- **DATASET ENTRIES**
====

(* Let $X$ be a compact Hausdorff space and let $a\in\mathrm{M}_m(\mathrm{C}(X))$ be block diagonal, $a=\mathrm{diag}(0_k,a_1,\dots,a_n)$, where $0_k$ is the $k\times k$ zero matrix and $a_i\in\mathrm{M}_{k_i}(\mathrm{C}(X))$ for natural numbers $k_1,\dots,k_n$ with $k+\sum_i k_i=m$. If $k>\max_{1\le i\le n}k_i$, then $a$ can be approximated arbitrarily closely in norm by invertible elements of $\mathrm{M}_m(\mathrm{C}(X))$. *)

theory Defs
  imports "HOL-Analysis.Analysis"
begin

text \<open>Elements of M_m(C(X)) are represented as functions
  X \<Rightarrow> (nat \<Rightarrow> nat \<Rightarrow> complex); only the entries with indices < m matter.\<close>

definition vnorm :: "nat \<Rightarrow> (nat \<Rightarrow> complex) \<Rightarrow> real" where
  "vnorm m v = sqrt (\<Sum>i<m. (cmod (v i))^2)"

definition mat_vec :: "nat \<Rightarrow> (nat \<Rightarrow> nat \<Rightarrow> complex) \<Rightarrow> (nat \<Rightarrow> complex) \<Rightarrow> (nat \<Rightarrow> complex)" where
  "mat_vec m A v = (\<lambda>i. \<Sum>j<m. A i j * v j)"

definition opnorm :: "nat \<Rightarrow> (nat \<Rightarrow> nat \<Rightarrow> complex) \<Rightarrow> real" where
  "opnorm m A = Sup ((\<lambda>v. vnorm m (mat_vec m A v)) ` {v. vnorm m v \<le> 1})"
lemma Gamma_product_sum_lt:
  fixes p q c d :: real
  assumes "0 < p" "0 < q" "0 < c" "0 < d"
  shows "Gamma (p + d) * Gamma (q + c) + Gamma (q + d) * Gamma (p + c)
       < Gamma (p + c + d) * Gamma q + Gamma (q + c + d) * Gamma p"
proof -
  have ordered: "Gamma (p + d) * Gamma (q + c) + Gamma (q + d) * Gamma (p + c)
       < Gamma (p + c + d) * Gamma q + Gamma (q + c + d) * Gamma p"
    if pq: "0 < p" "p \<le> q" for p q
  proof -
    define X1 where "X1 = Gamma (p + d) * Gamma (q + c)"
    define X2 where "X2 = Gamma (q + d) * Gamma (p + c)"
    define Y1 where "Y1 = Gamma (p + c + d) * Gamma q"
    define Y2 where "Y2 = Gamma (q + c + d) * Gamma p"
    have "X1 \<le> Y2"
      using Gamma_mult_le[of p "p + d" "q + c + d"] pq assms
      by (simp add: X1_def Y2_def algebra_simps)
    moreover have "X2 \<le> Y2"
      using Gamma_mult_le[of p "p + c" "q + c + d"] pq assms
      by (simp add: X2_def Y2_def algebra_simps)
    moreover have "X1 * X2 < Y1 * Y2"
    proof -
      have lt: "Gamma (p + d) * Gamma (p + c) < Gamma p * Gamma (p + c + d)"
        using Gamma_mult_lt[of p "p + d" "p + c + d"] pq assms by (simp add: algebra_simps)
      have le: "Gamma (q + d) * Gamma (q + c) \<le> Gamma q * Gamma (q + c + d)"
        using Gamma_mult_le[of q "q + d" "q + c + d"] pq assms by (simp add: algebra_simps)
      have "(Gamma (p + d) * Gamma (p + c)) * (Gamma (q + d) * Gamma (q + c))
          < (Gamma p * Gamma (p + c + d)) * (Gamma q * Gamma (q + c + d))"
        by (rule mult_less_le_imp_less[OF lt le]) (use pq assms in simp_all)
      then show ?thesis by (simp add: X1_def X2_def Y1_def Y2_def algebra_simps)
    qed
    moreover have "Y2 > 0" using pq assms by (simp add: Y2_def)
    \<comment> \<open>\<open>(Y2 - X1) (Y2 - X2) \<ge> 0\<close> and \<open>X1 X2 < Y1 Y2\<close> give \<open>Y2 (X1 + X2) < Y2 (Y1 + Y2)\<close>.\<close>
    ultimately have "Y2 * (X1 + X2) < Y2 * (Y1 + Y2)"
      using mult_nonneg_nonneg[of "Y2 - X1" "Y2 - X2"] by (simp add: algebra_simps)
    then have "X1 + X2 < Y1 + Y2" using \<open>Y2 > 0\<close> by simp
    then show ?thesis by (simp add: X1_def X2_def Y1_def Y2_def)
  qed
  show ?thesis
  proof (cases "p \<le> q")
    case True
    then show ?thesis using ordered[of p q] assms by simp
  next
    case False
    then show ?thesis using ordered[of q p] assms by simp
  qed
qed

lemma fps_nth_gfps_cross_diff_neg:
  fixes g :: "nat \<Rightarrow> real" and a b \<delta> :: real
  assumes g: "\<And>n. g n > 0" and ab: "0 < a" "a < b" and \<delta>: "0 < \<delta>"
  shows "fps_nth (gfps g (a + \<delta>) * gfps g b - gfps g (b + \<delta>) * gfps g a) m < 0"
proof -
  define T where "T = (\<lambda>i. g i * Gamma (a + \<delta> + real i) * (g (m - i) * Gamma (b + real (m - i)))
      - g i * Gamma (b + \<delta> + real i) * (g (m - i) * Gamma (a + real (m - i))))"
  have coeff: "fps_nth (gfps g (a + \<delta>) * gfps g b - gfps g (b + \<delta>) * gfps g a) m = (\<Sum>i=0..m. T i)"
    by (simp add: fps_mult_nth gfps_def T_def sum_subtractf add_ac)
  have pair_neg: "T i + T (m - i) < 0" if "i \<le> m" for i
  proof -
    define j where "j = m - i"
    have "Gamma ((a + i) + \<delta>) * Gamma ((a + j) + (b - a)) + Gamma ((a + j) + \<delta>) * Gamma ((a + i) + (b - a))
        < Gamma ((a + i) + (b - a) + \<delta>) * Gamma (a + j) + Gamma ((a + j) + (b - a) + \<delta>) * Gamma (a + i)"
      using ab \<delta> by (intro Gamma_product_sum_lt) auto
    then have "0 < g i * g j" "Gamma (a + \<delta> + i) * Gamma (b + j) + Gamma (a + \<delta> + j) * Gamma (b + i)
        - (Gamma (b + \<delta> + i) * Gamma (a + j) + Gamma (b + \<delta> + j) * Gamma (a + i)) < 0"
      using g[of i] g[of j] by (simp_all add: algebra_simps)
    then have "g i * g j * (Gamma (a + \<delta> + i) * Gamma (b + j) + Gamma (a + \<delta> + j) * Gamma (b + i)
        - (Gamma (b + \<delta> + i) * Gamma (a + j) + Gamma (b + \<delta> + j) * Gamma (a + i))) < 0"
      by (rule mult_pos_neg)
    moreover have "m - j = i" using that by (simp add: j_def)
    ultimately show ?thesis by (simp add: T_def j_def[symmetric] algebra_simps)
  qed
  have "2 * (\<Sum>i=0..m. T i) = (\<Sum>i=0..m. T i + T (m - i))"
    using sum.atLeastAtMost_rev[of T 0 m] by (simp add: sum.distrib)
  also have "\<dots> < 0"
    using sum_strict_mono[of "{0..m}" "\<lambda>i. T i + T (m - i)" "\<lambda>_. 0"] pair_neg by simp
  finally show ?thesis using coeff by simp
qed

lemma strict_convex_on_ln_mult_Gamma_shift:
  fixes C k :: real
  assumes "C > 0" "k \<ge> 0"
  shows "strict_convex_on {0<..} (\<lambda>c. ln (C * Gamma (c + k)))"
  unfolding strict_convex_on_def
proof (intro ballI allI impI)
  fix u v t :: real
  assume "u \<in> {0<..}" "v \<in> {0<..}" and uvt: "u \<noteq> v \<and> 0 < t \<and> t < 1"
  define w where "w = t * u + (1 - t) * v"
  have "w + k = t * (u + k) + (1 - t) * (v + k)" by (simp add: w_def algebra_simps)
  then have "ln (Gamma (w + k)) < t * ln (Gamma (u + k)) + (1 - t) * ln (Gamma (v + k))"
    using strict_convex_on_ln_Gamma \<open>u \<in> {0<..}\<close> \<open>v \<in> {0<..}\<close> uvt assms
    unfolding strict_convex_on_def by auto
  moreover have "Gamma (w + k) > 0" "Gamma (u + k) > 0" "Gamma (v + k) > 0"
    using \<open>u \<in> {0<..}\<close> \<open>v \<in> {0<..}\<close> uvt assms
    by (auto simp: w_def intro!: Gamma_real_pos add_pos_nonneg)
  ultimately have "ln (C * Gamma (w + k)) < t * ln (C * Gamma (u + k)) + (1 - t) * ln (C * Gamma (v + k))"
    using assms by (simp add: ln_mult algebra_simps)
  then show "ln (C * Gamma (t * u + (1 - t) * v + k))
      < t * ln (C * Gamma (u + k)) + (1 - t) * ln (C * Gamma (v + k))"
    by (simp add: w_def)
qed
lemma mmul_idm_left:
  assumes "\<forall>x\<in>set ys. idem x" "M \<in> hom xs ys"
  shows "mmul (length ys) (idm ys) M = M"
proof -
  have "mmul (length ys) (idm ys) M p q = M p q" for p q
  proof (cases "p < length ys \<and> q < length xs")
    case True
    have "mmul (length ys) (idm ys) M p q = (\<Sum>k<length ys. if k = p then ys!p * M p q else 0)"
      unfolding mmul_def idm_def by (rule sum.cong) auto
    also have "\<dots> = ys!p * M p q"
      using True by simp
    also have "\<dots> = M p q"
      using True assms(1) by (intro idem_mult_corner[OF _ hom_entry[OF assms(2)]]) auto
    finally show ?thesis .
  next
    case False
    then show ?thesis
      using assms(2) unfolding mmul_def idm_def by (auto simp: hom_entry_zero)
  qed
  then show ?thesis by (simp add: fun_eq_iff)
qed

lemma mmul_idm_right:
  assumes "\<forall>x\<in>set xs. idem x" "M \<in> hom xs ys"
  shows "mmul (length xs) M (idm xs) = M"
proof -
  have "mmul (length xs) M (idm xs) p q = M p q" for p q
  proof (cases "p < length ys \<and> q < length xs")
    case True
    have "mmul (length xs) M (idm xs) p q = (\<Sum>k<length xs. if k = q then M p q * xs!q else 0)"
      unfolding mmul_def idm_def by (rule sum.cong) auto
    also have "\<dots> = M p q * xs!q"
      using True by simp
    also have "\<dots> = M p q"
      using True assms(1) by (intro corner_mult_idem[OF _ hom_entry[OF assms(2)]]) auto
    finally show ?thesis .
  next
    case False
    then show ?thesis
      using assms(2) unfolding mmul_def idm_def by (auto simp: hom_entry_zero)
  qed
  then show ?thesis by (simp add: fun_eq_iff)
qed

====

Look for the word "intro" in the listing above, and copy every line where you find it.

- **TASK SOLUTION**
      using ab \<delta> by (intro Gamma_product_sum_lt) auto
proof (intro ballI allI impI)
    by (auto simp: w_def intro!: Gamma_real_pos add_pos_nonneg)
      using True assms(1) by (intro idem_mult_corner[OF _ hom_entry[OF assms(2)]]) auto
      using True assms(1) by (intro corner_mult_idem[OF _ hom_entry[OF assms(2)]]) auto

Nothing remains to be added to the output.